И, весело рассмеявшись, Марион бросилась бегом и, оставив позади разочарованного поклонника, легко перебежала через мостик и скоро скрылась за высокой стеной кустарника, окружающего цветник.
Расставшись с Марион, Генри Голтспер должен был чувствовать себя счастливейшим из людей. Прелестнейшая женщина во всем графстве – а для него в целом свете – призналась ему в любви и поклялась в верности. Казалось бы, он мог не сомневаться в своем счастье. Но он не чувствовал себя счастливым. Наоборот, он ехал с тяжелым сердцем после свидания со своей прелестной возлюбленной. Он знал, что этого свидания не должно было быть: Марион Уэд не могла быть его возлюбленной!
Отъехав шагов на пятьдесят, он повернулся в седле в надежде увидеть ее еще раз и оторваться хоть на минуту от своих тяжелых мыслей.
Лучше бы ему не оборачиваться!
Если до сих пор у него было тяжело на душе, то теперь то, что он увидел, заставило его почувствовать себя несчастнейшим из смертных. Марион шла по тропинке и уже начала подниматься вверх по склону. Ее светлое платье отчетливо выступало во мгле сумерек. Голтспер не отрываясь следил за ее движениями, восхищаясь царственной грацией и легкой, плавной походкой.
Марион шла быстрым шагом и была уже на полпути к дому, как вдруг кто-то вышел из-за деревьев и направился вслед за ней.
Через несколько секунд незнакомец поравнялся с Марион, и они пошли рядом. Голтсперу, который наблюдал за ними издалека, казалось, что они ведут оживленную беседу.
Незнакомец был в светлой одежде, с красной перевязью через плечо и в высокой шляпе с султаном из страусовых перьев.
Это не мог быть брат Марион: Уолтер был гораздо ниже ростом. Не мог быть и ее отец: сэр Мармадьюк всегда ходил в черном.

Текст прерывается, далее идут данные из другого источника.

(* Let $(\vdash,\overline{\cdot},\widehat{\cdot})$ be a setting satisfying Pre-Relevance, let $\mathcal{S},\mathcal{S}'\subseteq\mathcal{L}$ with $\mathcal{S}\mid\mathcal{S}'$, let $\mathsf{Sem}\in\{\mathsf{Cmp},\mathsf{Prf},\mathsf{Grd}\}$, and let $\mathcal{E}_1\in\mathsf{Sem}(\mathcal{AF}_{\vdash}(\mathcal{S}))$. Then there is an $\mathcal{E}\in\mathsf{Sem}(\mathcal{AF}_{\vdash}(\mathcal{S}\cup\mathcal{S}'))$ with $\mathcal{E}_1=\mathcal{E}\cap\mathit{Arg}_{\vdash}(\mathcal{S})$.
   Context: $\mathcal{L}$ is the set of formulas of a language built from propositional atoms; $\mathsf{Atoms}(\mathcal{S})$ is the set of atoms occurring in $\mathcal{S}$, and $\mathcal{S}_1\mid\mathcal{S}_2$ means $\mathsf{Atoms}(\mathcal{S}_1)\cap\mathsf{Atoms}(\mathcal{S}_2)=\emptyset$. A setting is $(\vdash,\overline{\cdot},\widehat{\cdot})$ with ${\vdash}\subseteq\wp_{\sf fin}(\mathcal{L})\times\mathcal{L}$ arbitrary, $\overline{\cdot}:\mathcal{L}\to\wp(\mathcal{L})$, $\widehat{\cdot}$ assigning to each nonempty finite set a finite set of formulas, with $\widehat{\emptyset}=\emptyset$. $\mathit{Arg}_{\vdash}(\mathcal{S})=\{(\Gamma,\gamma):\Gamma\subseteq\mathcal{S}\text{ finite},\Gamma\vdash\gamma\}$; $\mathcal{AF}_{\vdash}(\mathcal{S})$ is the attack graph on it where $(\Gamma,\gamma)$ attacks $(\Gamma',\gamma')$ iff $\gamma\in\overline{\phi}$ for some $\phi\in\widehat{\Gamma'}$. Complete extension = conflict-free set defending each member (every attacker of a member is attacked by a member) and containing every argument it defends; $\mathsf{Cmp}(\cdot)$ is the set of complete extensions, $\mathsf{Prf}(\cdot)$ the $\subseteq$-maximal ones, and $\mathsf{Grd}(\cdot)$ the singleton containing the $\subseteq$-minimal one. Pre-Relevance of the setting: (a) for all $\mathcal{S}_1,\mathcal{S}_2,\phi$ with $\mathcal{S}_1\cup\{\phi\}\mid\mathcal{S}_2$, $\mathcal{S}_1\cup\mathcal{S}_2\vdash\phi$ implies $\mathcal{S}_1'\vdash\phi$ for some $\mathcal{S}_1'\subseteq\mathcal{S}_1$; (b) primeness: for all sets of atoms $\mathcal{A}_1\mid\mathcal{A}_2$, all finite $\mathcal{S}_1,\mathcal{T}_1,\mathcal{S}_2,\mathcal{T}_2$ with $\mathsf{Atoms}(\mathcal{S}_i),\mathsf{Atoms}(\mathcal{T}_i)\subseteq\mathcal{A}_i$, and all $\phi,\psi$ with $\psi\in\overline{\phi}$, $\phi\in\widehat{\mathcal{T}_1\cup\mathcal{T}_2}$: if $\mathcal{S}_1\cup\mathcal{S}_2\vdash\psi$ then there are $i\in\{1,2\}$, $\mathcal{S}_i'\subseteq\mathcal{S}_i$, $\phi_i\in\widehat{\mathcal{T}_i}$, $\psi_i\in\overline{\phi_i}$ with $\mathcal{S}_i'\vdash\psi_i$; (c) $\widehat{\Delta}\subseteq\widehat{\Delta\cup\Delta'}$ for all finite $\Delta,\Delta'$. *)

theory Defs
  imports Main
begin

Когда аллея, поднимавшаяся по склону холма между двумя рядами каштанов, кончилась, достигнув вершины, и Марион со своим спутником вышла на открытое место, Голтспер тотчас же узнал незнакомца.
Это был Скэрти!
Это открытие больно задело его.
– Он, по-видимому, подстерегал, когда она пройдет. Ведь не зря же он прятался за деревьями! Что мне делать? Поскакать туда? Ведь опасно оставлять ее наедине с ним. Мерзавец! – вскричал он, приподнявшись на стременах и грозя кулаком в спину капитана кирасиров. – Если только я узнаю, что ты посмел оскорбить ее словом или взглядом, я разделаюсь с тобой не так, как вчера, а много хуже! Какое ужасное зрелище! – бормотал он, глядя вслед удаляющейся паре. – Волк рядом с овечкой!.. Но что это? Он нагибается к ней, и она поворачивает к нему голову и, кажется, довольна? Боже мой! Возможно ли это?
Не помня себя, он схватился за рукоятку меча и пришпорил коня.
Умное животное повернуло обратно к усадьбе, но Голтспер остановил его на всем скаку.
– Я верно, с ума сошел, – пробормотал он, – а ты также, Хьюберт! Что она подумала бы обо мне? И что я могу сказать, когда появлюсь перед ней? Нет, это немыслимо! Но если я прав, тогда, значит, я напрасно испытывал угрызения совести, напрасно винил себя... Вот они уже подходят к мосту. Она обгоняет его, бежит от него... Вот она уже завернула к дому... Он стоит один. Он, видимо, не ожидал, что она убежит! О, Марион, если я оскорбил тебя подозрением, то лишь потому, что я обезумел от любви! Прости, прости! Я больше никогда не позволю себе следить за тобой!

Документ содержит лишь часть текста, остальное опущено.